• [Activity] Output the line containing "using finite_elements[OF _" exactly. Do the same for every line after it through the end of the material, and output nothing else.

• [Provided data]
(* Let $G$ and $H$ be finite connected free graphs. If there exists an onto edge homomorphism from $G$ to $H$, then $\phi(G)\le \phi(H)$.
   Context: All graphs are finite and simple. A homomorphism $f:G\to H$ is a map $f:V(G)\to V(H)$ such that $uv\in E(G)$ implies $f(u)f(v)\in E(H)$; it is an onto edge homomorphism if every edge of $H$ equals $f(x)f(y)$ for some edge $xy\in E(G)$. An independent set of a graph $G$ is called a free independent set if it is contained in at least two distinct maximal independent sets of $G$. A graph $G$ is free if every vertex of $G$ lies in some free independent set. The free chromatic number $\phi(G)$ is the minimum positive integer $t$ such that $V(G)=V_1\cup\cdots\cup V_t$ is a partition of $V(G)$ into sets each of which is a free independent set of $G$; if $G$ is not free, $\phi(G)=\infty$. *)

theory Defs
  imports Main "HOL-Library.Disjoint_Sets" "HOL-Library.Extended_Nat"
begin

definition fin_simple_graph :: "'a set \<Rightarrow> ('a \<Rightarrow> 'a \<Rightarrow> bool) \<Rightarrow> bool" where
  "fin_simple_graph V E \<longleftrightarrow> finite V \<and>
     (\<forall>x y. E x y \<longrightarrow> x \<in> V \<and> y \<in> V \<and> x \<noteq> y \<and> E y x)"

definition graph_connected :: "'a set \<Rightarrow> ('a \<Rightarrow> 'a \<Rightarrow> bool) \<Rightarrow> bool" where
  "graph_connected V E \<longleftrightarrow> V \<noteq> {} \<and> (\<forall>u\<in>V. \<forall>v\<in>V. E\<^sup>*\<^sup>* u v)"

definition graph_hom :: "'a set \<Rightarrow> ('a \<Rightarrow> 'a \<Rightarrow> bool) \<Rightarrow> 'b set \<Rightarrow> ('b \<Rightarrow> 'b \<Rightarrow> bool) \<Rightarrow> ('a \<Rightarrow> 'b) \<Rightarrow> bool" where
  "graph_hom VG EG VH EH f \<longleftrightarrow> (\<forall>v\<in>VG. f v \<in> VH) \<and> (\<forall>u v. EG u v \<longrightarrow> EH (f u) (f v))"

definition onto_edge_hom :: "'a set \<Rightarrow> ('a \<Rightarrow> 'a \<Rightarrow> bool) \<Rightarrow> 'b set \<Rightarrow> ('b \<Rightarrow> 'b \<Rightarrow> bool) \<Rightarrow> ('a \<Rightarrow> 'b) \<Rightarrow> bool" where
  "onto_edge_hom VG EG VH EH f \<longleftrightarrow> graph_hom VG EG VH EH f \<and>
     (\<forall>a b. EH a b \<longrightarrow> (\<exists>x y. EG x y \<and> {f x, f y} = {a, b}))"

definition indep_set :: "'a set \<Rightarrow> ('a \<Rightarrow> 'a \<Rightarrow> bool) \<Rightarrow> 'a set \<Rightarrow> bool" where
  "indep_set V E S \<longleftrightarrow> S \<subseteq> V \<and> (\<forall>x\<in>S. \<forall>y\<in>S. \<not> E x y)"

definition max_indep_set :: "'a set \<Rightarrow> ('a \<Rightarrow> 'a \<Rightarrow> bool) \<Rightarrow> 'a set \<Rightarrow> bool" where
  "max_indep_set V E S \<longleftrightarrow> indep_set V E S \<and> (\<forall>T. indep_set V E T \<and> S \<subseteq> T \<longrightarrow> T = S)"

definition free_indep_set :: "'a set \<Rightarrow> ('a \<Rightarrow> 'a \<Rightarrow> bool) \<Rightarrow> 'a set \<Rightarrow> bool" where
  "free_indep_set V E S \<longleftrightarrow> indep_set V E S \<and>
     (\<exists>M1 M2. M1 \<noteq> M2 \<and> max_indep_set V E M1 \<and> max_indep_set V E M2 \<and> S \<subseteq> M1 \<and> S \<subseteq> M2)"

definition free_graph :: "'a set \<Rightarrow> ('a \<Rightarrow> 'a \<Rightarrow> bool) \<Rightarrow> bool" where
  "free_graph V E \<longleftrightarrow> (\<forall>v\<in>V. \<exists>S. free_indep_set V E S \<and> v \<in> S)"

text \<open>Free chromatic number: minimum number of blocks of a partition of V into
  free independent sets; infinity if no such partition exists (Inf of empty set).\<close>
definition free_chromatic_number :: "'a set \<Rightarrow> ('a \<Rightarrow> 'a \<Rightarrow> bool) \<Rightarrow> enat" where
  "free_chromatic_number V E =
     (INF P \<in> {P. partition_on V P \<and> (\<forall>S\<in>P. free_indep_set V E S)}. enat (card P))"

end

theory Submission
  imports Defs
begin

text \<open>The preimage under an onto edge homomorphism f of a free independent set S of H is a free
  independent set of G: the preimages of two distinct maximal independent sets containing S
  extend to maximal independent sets of G, and these stay distinct because some edge of H
  joins the two sets and is the image of an edge of G. Pulling back an optimal partition of H
  into free independent sets and discarding empty blocks thus gives a partition of G with at
  most as many blocks.\<close>

lemma indep_set_extends_to_max_indep_set:
  assumes "finite V" "indep_set V E S"
  shows "\<exists>M. max_indep_set V E M \<and> S \<subseteq> M"
  using assms(2)
proof (induction "card (V - S)" arbitrary: S rule: less_induct)
  case less
  show ?case
  proof (cases "max_indep_set V E S")
    case False
    then obtain T where T: "indep_set V E T" "S \<subseteq> T" "T \<noteq> S"
      using less.prems unfolding max_indep_set_def by blast
    have "V - T \<subset> V - S"
      using T less.prems unfolding indep_set_def by blast
    then have "card (V - T) < card (V - S)"
      using assms(1) by (meson finite_Diff psubset_card_mono)
    with less.hyps T show ?thesis by blast
  qed blast
qed

lemma distinct_max_indep_sets_joined_by_edge:
  assumes "max_indep_set V E M1" "max_indep_set V E M2" "M1 \<noteq> M2"
  shows "\<exists>a\<in>M1. \<exists>b\<in>M2. E a b \<or> E b a"
proof (rule ccontr)
  assume no_edge: "\<not> ?thesis"
  have "indep_set V E M1" "indep_set V E M2"
    using assms(1,2) unfolding max_indep_set_def by simp_all
  with no_edge have "indep_set V E (M1 \<union> M2)"
    unfolding indep_set_def by blast
  with assms(1,2) have "M1 \<union> M2 = M1" "M1 \<union> M2 = M2"
    unfolding max_indep_set_def by blast+
  with assms(3) show False by simp
qed

lemma graph_hom_indep_set_vimage:
  assumes "graph_hom VG EG VH EH f" "indep_set VH EH T"
  shows "indep_set VG EG (VG \<inter> f -` T)"
  using assms unfolding graph_hom_def indep_set_def by blast

lemma onto_edge_hom_free_indep_set_vimage:
  assumes G: "fin_simple_graph VG EG" and f: "onto_edge_hom VG EG VH EH f"
    and S: "free_indep_set VH EH S"
  shows "free_indep_set VG EG (VG \<inter> f -` S)"
proof -
  have hom: "graph_hom VG EG VH EH f"
    using f unfolding onto_edge_hom_def by blast
  have "finite VG"
    using G unfolding fin_simple_graph_def by blast
  have max_vimage: "\<exists>N. max_indep_set VG EG N \<and> VG \<inter> f -` M \<subseteq> N"
    if "max_indep_set VH EH M" for M
  proof -
    have "indep_set VH EH M"
      using that unfolding max_indep_set_def by simp
    then show ?thesis
      using indep_set_extends_to_max_indep_set[OF \<open>finite VG\<close>] graph_hom_indep_set_vimage[OF hom]
      by blast
  qed
  obtain M1 M2 where M: "M1 \<noteq> M2" "max_indep_set VH EH M1" "max_indep_set VH EH M2"
    "S \<subseteq> M1" "S \<subseteq> M2"
    using S unfolding free_indep_set_def by blast
  obtain N1 where N1: "max_indep_set VG EG N1" "VG \<inter> f -` M1 \<subseteq> N1"
    using max_vimage[OF M(2)] by blast
  obtain N2 where N2: "max_indep_set VG EG N2" "VG \<inter> f -` M2 \<subseteq> N2"
    using max_vimage[OF M(3)] by blast
  obtain a b where ab: "a \<in> M1" "b \<in> M2" "EH a b \<or> EH b a"
    using distinct_max_indep_sets_joined_by_edge[OF M(2,3,1)] by blast
  obtain x y where xy: "EG x y" "f x = a" "f y = b"
  proof -
    have "\<exists>x y. EG x y \<and> {f x, f y} = {c, d}" if "EH c d" for c d
      using that f unfolding onto_edge_hom_def by blast
    then obtain x y where "EG x y" "{f x, f y} = {a, b}"
      using ab(3) insert_commute by metis
    moreover have "EG y x"
      using \<open>EG x y\<close> G unfolding fin_simple_graph_def by blast
    ultimately show thesis
      using that unfolding doubleton_eq_iff by blast
  qed
  have "x \<in> VG" "y \<in> VG"
    using G xy(1) unfolding fin_simple_graph_def by blast+
  with xy ab N1(2) N2(2) have "x \<in> N1" "y \<in> N2" by blast+
  moreover have "indep_set VG EG N1"
    using N1(1) unfolding max_indep_set_def by simp
  ultimately have "N1 \<noteq> N2"
    using xy(1) unfolding indep_set_def by blast
  moreover have "indep_set VG EG (VG \<inter> f -` S)"
    using graph_hom_indep_set_vimage[OF hom] S unfolding free_indep_set_def by blast
  moreover have "VG \<inter> f -` S \<subseteq> N1" "VG \<inter> f -` S \<subseteq> N2"
    using M(4,5) N1(2) N2(2) by blast+
  ultimately show ?thesis
    unfolding free_indep_set_def using N1(1) N2(1) by blast
qed

lemma partition_on_restrict_vimage:
  assumes "partition_on B P" "f ` A \<subseteq> B"
  shows "partition_on A ((\<lambda>S. A \<inter> f -` S) ` P - {{}})"
proof -
  have "partition_on (A \<inter> f -` B) ((\<inter>) A ` ((-`) f ` P - {{}}) - {{}})"
    using partition_on_restrict[OF partition_on_vimage[OF assms(1)]] .
  moreover have "A \<inter> f -` B = A"
    using assms(2) by blast
  moreover have "(\<inter>) A ` ((-`) f ` P - {{}}) - {{}} = (\<lambda>S. A \<inter> f -` S) ` P - {{}}"
    by auto
  ultimately show ?thesis by simp
qed

theorem mainTheorem1:
  fixes VG :: "'a set" and EG :: "'a \<Rightarrow> 'a \<Rightarrow> bool"
    and VH :: "'b set" and EH :: "'b \<Rightarrow> 'b \<Rightarrow> bool"
  assumes "fin_simple_graph VG EG" and "graph_connected VG EG" and "free_graph VG EG"
    and "fin_simple_graph VH EH" and "graph_connected VH EH" and "free_graph VH EH"
    and "\<exists>f. onto_edge_hom VG EG VH EH f"
  shows "free_chromatic_number VG EG \<le> free_chromatic_number VH EH"
  unfolding free_chromatic_number_def
proof (rule INF_greatest)
  obtain f where f: "onto_edge_hom VG EG VH EH f"
    using assms(7) by blast
  fix P assume "P \<in> {P. partition_on VH P \<and> (\<forall>S\<in>P. free_indep_set VH EH S)}"
  then have P: "partition_on VH P" "\<forall>S\<in>P. free_indep_set VH EH S" by auto
  define Q where "Q = (\<lambda>S. VG \<inter> f -` S) ` P - {{}}"
  have "f ` VG \<subseteq> VH"
    using f unfolding onto_edge_hom_def graph_hom_def by blast
  then have "partition_on VG Q"
    unfolding Q_def by (rule partition_on_restrict_vimage[OF P(1)])
  moreover have "\<forall>S\<in>Q. free_indep_set VG EG S"
    unfolding Q_def using onto_edge_hom_free_indep_set_vimage[OF assms(1) f] P(2) by blast
  moreover have "finite P"
    using finite_elements[OF _ P(1)] assms(4) unfolding fin_simple_graph_def by blast
  then have "card Q \<le> card P"
    unfolding Q_def by (meson card_Diff1_le card_image_le finite_imageI le_trans)
  ultimately have "enat (card Q) \<le> enat (card P)"
    and "Q \<in> {Q. partition_on VG Q \<and> (\<forall>S\<in>Q. free_indep_set VG EG S)}"
    by simp_all
  then show "(INF Q \<in> {Q. partition_on VG Q \<and> (\<forall>S\<in>Q. free_indep_set VG EG S)}.
      enat (card Q)) \<le> enat (card P)"
    by (rule INF_lower2[rotated])
qed

end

• [Reply to the task]
    using finite_elements[OF _ P(1)] assms(4) unfolding fin_simple_graph_def by blast
  then have "card Q \<le> card P"
    unfolding Q_def by (meson card_Diff1_le card_image_le finite_imageI le_trans)
  ultimately have "enat (card Q) \<le> enat (card P)"
    and "Q \<in> {Q. partition_on VG Q \<and> (\<forall>S\<in>Q. free_indep_set VG EG S)}"
    by simp_all
  then show "(INF Q \<in> {Q. partition_on VG Q \<and> (\<forall>S\<in>Q. free_indep_set VG EG S)}.
      enat (card Q)) \<le> enat (card P)"
    by (rule INF_lower2[rotated])
qed

end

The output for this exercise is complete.